- Leader: Jaume Martínez Vendrell
- Founded: 1969
- Dissolved: 1979
- Ideology: Catalan independence Socialism

= Catalan People's Army =

Catalan separatist paramilitary group

The Catalan People's Army (Exèrcit Popular Català, EPOCA), known by its members as La Casa, was a Catalan nationalist paramilitary group which existed during the 1970s.

== History ==
The group was founded in 1969, as a breakaway group of the National Front of Catalonia. Jaume Martínez Vendrell, the leader of the military wing of the National Front, became its commander. EPOCA trained its militants in urban warfare techniques, smuggling in weaponry from Switzerland.

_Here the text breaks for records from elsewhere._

(* Let $0<\beta<1$ and let $N_a = N_a(N) \in (0, N]$ satisfy $c_1 N^\beta \le N_a \le c_2 N^\beta$ for constants $0<c_1\le c_2$ and all large $N$. Consider the activity recognition problem over the OR many-access channel defined in the context. Then every feasible activity recognition cost $\Omega_a$ satisfies $\Omega_a \ge 1-\beta$, and every $\Omega_a > 1/\ln 2$ is feasible. In particular, the minimum (infimum) feasible activity recognition cost lies in $[1-\beta, 1/\ln 2]$.
   Context: There are $N$ users; user $n$ is active ($s_n = 1$) with probability $N_a/N$, independently of the others, and inactive ($s_n=0$) otherwise. An activity recognition scheme of length $L$ consists of signature arrays $\underline{x}_1,\dots,\underline{x}_N \in \{0,1\}^L$ and a decoder $g : \{0,1\}^L \to \{0,1\}^N$. Each active user transmits its signature array and each inactive user transmits the all-zero array; the receiver observes the componentwise Boolean OR $\underline{y} = \bigvee_{n: s_n = 1} \underline{x}_n$ (the all-zero array if no user is active) and outputs $\hat{\underline{s}} = g(\underline{y})$. A cost $\Omega_a$ is feasible if there exists a sequence (indexed by $N$) of such schemes of length $\Omega_a N_a \log_2 N$ (rounded to an integer) for which $\Pr[\hat{\underline{s}} = \underline{s}] \to 1$ as $N \to \infty$. *)

theory Defs
  imports Complex_Main
begin

text \<open>Users are indexed by {0..<N}; array positions by {0..<L}.
  A signature array of user n is the set X n of positions carrying a 1 (positions
  outside {0..<L} are ignored).\<close>

definition or_output :: "nat \<Rightarrow> (nat \<Rightarrow> nat set) \<Rightarrow> nat set \<Rightarrow> nat set" where
  "or_output L X S = {l. l < L \<and> (\<exists>n\<in>S. l \<in> X n)}"

definition success_prob ::
  "nat \<Rightarrow> real \<Rightarrow> nat \<Rightarrow> (nat \<Rightarrow> nat set) \<Rightarrow> (nat set \<Rightarrow> nat set) \<Rightarrow> real" where
  "success_prob N p L X g =
     (\<Sum>S\<in>Pow {0..<N}. if g (or_output L X S) = S
                          then p ^ card S * (1 - p) ^ (N - card S) else 0)"

definition feasible_cost :: "(nat \<Rightarrow> real) \<Rightarrow> real \<Rightarrow> bool" where
  "feasible_cost Na \<Omega> \<longleftrightarrow>
     (\<exists>(X :: nat \<Rightarrow> nat \<Rightarrow> nat set) (g :: nat \<Rightarrow> nat set \<Rightarrow> nat set).
        (\<lambda>N. success_prob N (Na N / real N) (nat (round (\<Omega> * Na N * log 2 (real N))))
                (X N) (g N)) \<longlonglongrightarrow> 1)"

end

theory Submission
  imports Defs "HOL-Library.FuncSet" "HOL-Real_Asymp.Real_Asymp"
begin

text \<open>
  Converse: the decoder is correct on at most \<open>2^L\<close> activity patterns, and a pattern with at
  least \<open>K\<close> active users has probability at most \<open>p^K\<close>. By a Chernoff bound almost all the
  probability sits on patterns with at least \<open>t N p\<close> active users (any \<open>t < 1\<close>), so success forces
  \<open>2^L p^(t N\<^sub>a)\<close> to be of order one; with \<open>p \<approx> N^(\<beta>-1)\<close> this means \<open>L \<ge> t (1-\<beta>) N\<^sub>a log\<^sub>2 N\<close>.

  Achievability: split the positions into \<open>w \<approx> t log\<^sub>2 N\<close> blocks of \<open>m \<approx> t N\<^sub>a / ln 2\<close> positions
  (any \<open>t > 1\<close>), let every user occupy one position per block, and declare active exactly the users
  all of whose positions are lit. An inactive user is misclassified only if in every block its
  position is shared with an active user. For a random design and at most \<open>t N\<^sub>a\<close> active users
  this has probability at most \<open>(1 - (1 - 1/m)^(t N\<^sub>a))^w \<le> 2^-w \<le> N^-t\<close>, so a union bound over the
  users, an upper-tail Chernoff bound and averaging over designs yield a good deterministic design.
\<close>

definition activity_weight :: "real \<Rightarrow> nat \<Rightarrow> nat set \<Rightarrow> real" where
  "activity_weight p N S = p ^ card S * (1 - p) ^ (N - card S)"

lemma activity_weight_nonneg: "0 \<le> p \<Longrightarrow> p \<le> 1 \<Longrightarrow> 0 \<le> activity_weight p N S"
  by (simp add: activity_weight_def)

The group came to prominence through a number of assassinations, committed by attaching pressure-triggered bombs to the bodies of their victims, demanding ransom, and when this was not paid, leaving the bombs to explode, killing their victims. In this way, the group assassinated in 1977 the industrialist and chemical tycoon José María Bultó, and in 1978 the ex-mayor of Barcelona, Joaquín Viola, along with his wife.

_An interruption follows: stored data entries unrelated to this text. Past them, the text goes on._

definition eq_stat :: "(nat \<Rightarrow> (nat \<Rightarrow> nat) \<Rightarrow> nat) \<Rightarrow> (nat \<times> nat) set \<Rightarrow> (nat \<times> nat \<Rightarrow> nat) \<Rightarrow> int poly" where
  "eq_stat stat D \<omega> = (\<Sum>g\<in>linear_extensions D. monom 1 (stat (card D) (word_of D \<omega> g)))"

end

theory Submission
  imports Defs "HOL-Library.Multiset"
begin

text \<open>Reading a linear extension \<open>g\<close> as the word \<open>\<omega> \<circ> g\<inverse>\<close> identifies the linear extensions of
  the strip with the permutations of \<open>[n]\<close> in which \<open>m + 1\<close> precedes \<open>m\<close> exactly when the cell
  labelled \<open>m + 1\<close> lies directly below the cell labelled \<open>m\<close>: consecutive labels sit on
  edge-adjacent cells, one step left or one step down, and these steps generate the order of
  the strip. So both sides are generating functions over the permutations with a prescribed
  inverse descent set. Foata's second fundamental transformation carries \<open>maj\<close> to \<open>inv\<close> and
  never changes the relative order of two letters \<open>u\<close> and \<open>u + 1\<close>, hence it permutes this
  class and the two generating functions agree.\<close>

fun inv_list :: "nat list \<Rightarrow> nat" where
  "inv_list [] = 0"
| "inv_list (x # xs) = length (filter (\<lambda>y. y < x) xs) + inv_list xs"

definition cross_inv :: "nat list \<Rightarrow> nat list \<Rightarrow> nat" where
  "cross_inv xs ys = (\<Sum>x\<leftarrow>xs. length (filter (\<lambda>y. y < x) ys))"

definition maj_list :: "nat list \<Rightarrow> nat" where
  "maj_list xs = (\<Sum>i\<in>{i. 1 \<le> i \<and> i < length xs \<and> xs ! (i - 1) > xs ! i}. i)"

lemma length_filter_mset_eq: "mset xs = mset ys \<Longrightarrow> length (filter P xs) = length (filter P ys)"
  by (metis mset_filter size_mset)

lemma cross_inv_Nil [simp]: "cross_inv [] ys = 0" "cross_inv xs [] = 0"
  unfolding cross_inv_def by (simp, induction xs, auto)

lemma cross_inv_Cons [simp]:
  "cross_inv (x # xs) ys = length (filter (\<lambda>y. y < x) ys) + cross_inv xs ys"
  by (simp add: cross_inv_def)

lemma cross_inv_append_right: "cross_inv xs (ys @ zs) = cross_inv xs ys + cross_inv xs zs"
  by (induction xs) auto

lemma cross_inv_singleton_right: "cross_inv xs [a] = length (filter (\<lambda>x. a < x) xs)"
  by (induction xs) auto

lemma cross_inv_mset_right: "mset ys = mset zs \<Longrightarrow> cross_inv xs ys = cross_inv xs zs"
  by (induction xs) (auto dest: length_filter_mset_eq)

lemma inv_list_append: "inv_list (xs @ ys) = inv_list xs + inv_list ys + cross_inv xs ys"
  by (induction xs) auto

lemma inv_list_snoc: "inv_list (xs @ [a]) = inv_list xs + length (filter (\<lambda>x. a < x) xs)"
  by (simp add: inv_list_append cross_inv_singleton_right)

lemma inv_list_eq_card: "inv_list xs = card {(i, j). i < j \<and> j < length xs \<and> xs ! i > xs ! j}"
proof (induction xs)
  case Nil
  then show ?case by simp
next
  case (Cons x xs)
  let ?A = "{(i, j). i < j \<and> j < length xs \<and> xs ! i > xs ! j}"
  let ?B = "{(i, j). i < j \<and> j < length (x # xs) \<and> (x # xs) ! i > (x # xs) ! j}"
  have split: "?B = (\<lambda>j. (0, Suc j)) ` {j. j < length xs \<and> xs ! j < x} \<union> (\<lambda>(i, j). (Suc i, Suc j)) ` ?A"
  proof (rule set_eqI, clarify)
    fix i j
    show "(i, j) \<in> ?B \<longleftrightarrow> (i, j) \<in> (\<lambda>j. (0, Suc j)) ` {j. j < length xs \<and> xs ! j < x} \<union> (\<lambda>(i, j). (Suc i, Suc j)) ` ?A"
      by (cases i; cases j) (auto simp: image_iff)
  qed
  have "finite ?A" by (rule finite_subset[of _ "{..<length xs} \<times> {..<length xs}"]) auto
  then have "card ?B = card {j. j < length xs \<and> xs ! j < x} + card ?A"
    unfolding split by (subst card_Un_disjoint) (auto simp: card_image inj_on_def intro!: card_image)
  then show ?case using Cons by (simp add: length_filter_conv_card)
qed

lemma maj_list_snoc:
  "maj_list (xs @ [a]) = maj_list xs + (if xs \<noteq> [] \<and> a < last xs then length xs else 0)"
proof -
  let ?S = "{i. 1 \<le> i \<and> i < length xs \<and> xs ! (i - 1) > xs ! i}"
  let ?T = "{i. i = length xs \<and> xs \<noteq> [] \<and> a < last xs}"
  have split: "{i. 1 \<le> i \<and> i < length (xs @ [a]) \<and> (xs @ [a]) ! (i - 1) > (xs @ [a]) ! i} = ?S \<union> ?T"
  proof (rule set_eqI)
    fix i
    consider "i < length xs" | "i = length xs" | "i > length xs" by linarith
    then show "i \<in> {i. 1 \<le> i \<and> i < length (xs @ [a]) \<and> (xs @ [a]) ! (i - 1) > (xs @ [a]) ! i} \<longleftrightarrow> i \<in> ?S \<union> ?T"
    proof cases
      case 1
      then have "i - 1 < length xs" by simp
      with 1 show ?thesis by (simp add: nth_append)
    next
      case 2
      then show ?thesis by (cases xs rule: rev_cases) (auto simp: nth_append)
    qed simp
  qed
  have "finite ?S" by (rule finite_subset[of _ "{..<length xs}"]) auto
  moreover have "finite ?T" by (rule finite_subset[of _ "{length xs}"]) auto
  ultimately have "maj_list (xs @ [a]) = maj_list xs + sum id ?T"
    unfolding maj_list_def split by (subst sum.union_disjoint) auto
  also have "sum id ?T = (if xs \<noteq> [] \<and> a < last xs then length xs else 0)"
    by auto
  finally show ?thesis .
qed

lemma inv_stat_eq_inv_list: "inv_stat n \<sigma> = inv_list (map \<sigma> [1..<Suc n])"
proof -
  let ?xs = "map \<sigma> [1..<Suc n]"
  let ?B = "{(i, j). 1 \<le> i \<and> i < j \<and> j \<le> n \<and> \<sigma> i > \<sigma> j}"
  have "{(i, j). i < j \<and> j < length ?xs \<and> ?xs ! i > ?xs ! j} = (\<lambda>(i, j). (i - 1, j - 1)) ` ?B"
  proof (rule set_eqI, clarify)
    fix i j
    show "(i, j) \<in> {(i, j). i < j \<and> j < length ?xs \<and> ?xs ! i > ?xs ! j} \<longleftrightarrow> (i, j) \<in> (\<lambda>(i, j). (i - 1, j - 1)) ` ?B"
    proof
      assume "(i, j) \<in> {(i, j). i < j \<and> j < length ?xs \<and> ?xs ! i > ?xs ! j}"
      then have "(Suc i, Suc j) \<in> ?B" by (auto simp del: upt_Suc)
      then show "(i, j) \<in> (\<lambda>(i, j). (i - 1, j - 1)) ` ?B" by force
    qed (auto simp del: upt_Suc)
  qed
  moreover have "inj_on (\<lambda>(i, j). (i - 1, j - 1)) ?B"
    by (auto simp: inj_on_def)
  ultimately show ?thesis unfolding inv_stat_def inv_list_eq_card by (simp add: card_image)
qed

lemma maj_eq_maj_list: "maj n \<sigma> = maj_list (map \<sigma> [1..<Suc n])"
proof -
  have "{i. 1 \<le> i \<and> i < length (map \<sigma> [1..<Suc n]) \<and> map \<sigma> [1..<Suc n] ! (i - 1) > map \<sigma> [1..<Suc n] ! i}
      = {i. 1 \<le> i \<and> i < n \<and> \<sigma> i > \<sigma> (i + 1)}"
    by (rule Collect_cong) (auto simp del: upt_Suc)
  then show ?thesis unfolding maj_def maj_list_def by simp
qed

text \<open>\<open>foata_cycle P\<close> cuts a word into blocks, each ending in a letter satisfying \<open>P\<close>, and
  moves the last letter of every block to its front (\<open>acc\<close> is the block read so far);
  \<open>foata_uncycle\<close> carries the first letter of each block back to its end.\<close>

fun foata_cycle :: "(nat \<Rightarrow> bool) \<Rightarrow> nat list \<Rightarrow> nat list \<Rightarrow> nat list" where
  "foata_cycle P acc [] = acc"
| "foata_cycle P acc (x # xs) =
     (if P x then x # acc @ foata_cycle P [] xs else foata_cycle P (acc @ [x]) xs)"

fun foata_uncycle :: "(nat \<Rightarrow> bool) \<Rightarrow> nat option \<Rightarrow> nat list \<Rightarrow> nat list" where
  "foata_uncycle P None [] = []"
| "foata_uncycle P (Some b) [] = [b]"
| "foata_uncycle P None (x # xs) = foata_uncycle P (Some x) xs"
| "foata_uncycle P (Some b) (x # xs) =
     (if P x then b # foata_uncycle P (Some x) xs else x # foata_uncycle P (Some b) xs)"

definition foata_step :: "nat \<Rightarrow> nat list \<Rightarrow> nat list" where
  "foata_step a w =
     (if last w \<le> a then foata_cycle (\<lambda>x. x \<le> a) [] w else foata_cycle (\<lambda>x. a < x) [] w)"

definition foata :: "nat list \<Rightarrow> nat list" where
  "foata xs = foldl (\<lambda>w a. foata_step a w @ [a]) [] xs"

lemma mset_foata_cycle: "mset (foata_cycle P acc xs) = mset (acc @ xs)"
  by (induction P acc xs rule: foata_cycle.induct) auto

lemma foata_cycle_hd:
  assumes "xs \<noteq> []" "P (last xs)"
  shows "foata_cycle P acc xs \<noteq> [] \<and> P (hd (foata_cycle P acc xs))"
  using assms by (induction xs arbitrary: acc) (auto split: if_splits)

lemma foata_uncycle_append:
  "\<forall>y\<in>set ys. \<not> P y \<Longrightarrow> foata_uncycle P (Some b) (ys @ zs) = ys @ foata_uncycle P (Some b) zs"
  by (induction ys) auto

lemma foata_uncycle_cycle_Some:
  assumes "\<forall>y\<in>set acc. \<not> P y" "xs = [] \<Longrightarrow> acc = []" "xs \<noteq> [] \<Longrightarrow> P (last xs)"
  shows "foata_uncycle P (Some b) (foata_cycle P acc xs) = b # acc @ xs"
  using assms
proof (induction xs arbitrary: acc b)
  case (Cons x xs acc b)
  show ?case
  proof (cases "P x")
    case True
    have "foata_uncycle P (Some x) (foata_cycle P [] xs) = x # xs"
      using Cons.IH[of "[]"] Cons.prems(3) by (cases xs) auto
    then show ?thesis using True Cons.prems(1) by (simp add: foata_uncycle_append)
  next
    case False
    then show ?thesis using Cons by (cases xs) auto
  qed
qed simp

lemma foata_uncycle_cycle:
  assumes "\<forall>y\<in>set acc. \<not> P y" "xs \<noteq> []" "P (last xs)"
  shows "foata_uncycle P None (foata_cycle P acc xs) = acc @ xs"
  using assms
proof (induction xs arbitrary: acc)
  case (Cons x xs acc)
  show ?case
  proof (cases "P x")
    case True
    have "foata_uncycle P (Some x) (foata_cycle P [] xs) = x # xs"
      using foata_uncycle_cycle_Some[of "[]" P xs x] Cons.prems(3) by (cases xs) auto
    then show ?thesis using True Cons.prems(1) by (simp add: foata_uncycle_append)
  next
    case False
    then show ?thesis using Cons by (cases xs) auto
  qed
qed simp

text \<open>Cycling the last letter of a block to its front removes (or, in the second version,
  creates) exactly one inversion for every letter of the block that fails \<open>P\<close>.\<close>

lemma inv_list_foata_cycle_small:
  assumes "\<forall>x\<in>set acc. \<not> P x" "xs = [] \<Longrightarrow> acc = []" "xs \<noteq> [] \<Longrightarrow> P (last xs)"
    and small: "\<And>x y. P x \<Longrightarrow> \<not> P y \<Longrightarrow> x < y"
  shows "inv_list (foata_cycle P acc xs) + length (filter (\<lambda>x. \<not> P x) (acc @ xs)) = inv_list (acc @ xs)"
  using assms(1-3)
proof (induction xs arbitrary: acc)
  case (Cons x xs acc)
  show ?case
  proof (cases "P x")
    case True
    have ih: "inv_list (foata_cycle P [] xs) + length (filter (\<lambda>x. \<not> P x) xs) = inv_list xs"
      using Cons.IH[of "[]"] Cons.prems(3) by (cases xs) auto
    have m: "mset (foata_cycle P [] xs) = mset xs" by (simp add: mset_foata_cycle)
    have "\<forall>y\<in>set acc. x < y" using Cons.prems(1) True small by blast
    then have "filter (\<lambda>y. y < x) acc = []" by (auto simp: filter_empty_conv)
    moreover have "cross_inv acc [x] = length acc"
      using Cons.prems(1) True small by (simp add: cross_inv_singleton_right)
    ultimately show ?thesis
      using True ih cross_inv_mset_right[OF m, of acc] length_filter_mset_eq[OF m, of "\<lambda>y. y < x"]
        Cons.prems(1) cross_inv_append_right[of acc "[x]" xs]
      by (simp add: inv_list_append)
  next
    case False
    then have "xs \<noteq> []" using Cons.prems(3) by auto
    then show ?thesis using Cons.IH[of "acc @ [x]"] Cons.prems(1,3) False by simp
  qed
qed simp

By 1979, the group had become inactive in comparison with many other contemporary groups. Following discussions with paramilitaries from Terra Lliure, the groups decided to merge. This led to many of the better-trained EPOCA militants joining Terra Lliure.

== Trials and justice ==
Seven people were arrested in connection with the killings of Bultó and the Violas. Two of them were tried in 1980; one was acquitted entirely, whilst Martínez Vendrell, the other, was sentenced to a year and three months in prison, although this was not directly related to the assassinations. However, he had already served this time awaiting trial, so was immediately released. The remaining five were tried in 1982, saying at the time that they "learned of the assassination through the newspapers and television".

A number of additional arrests were made towards the end of 1980 in connection with the construction of the bombs that were used in the killings.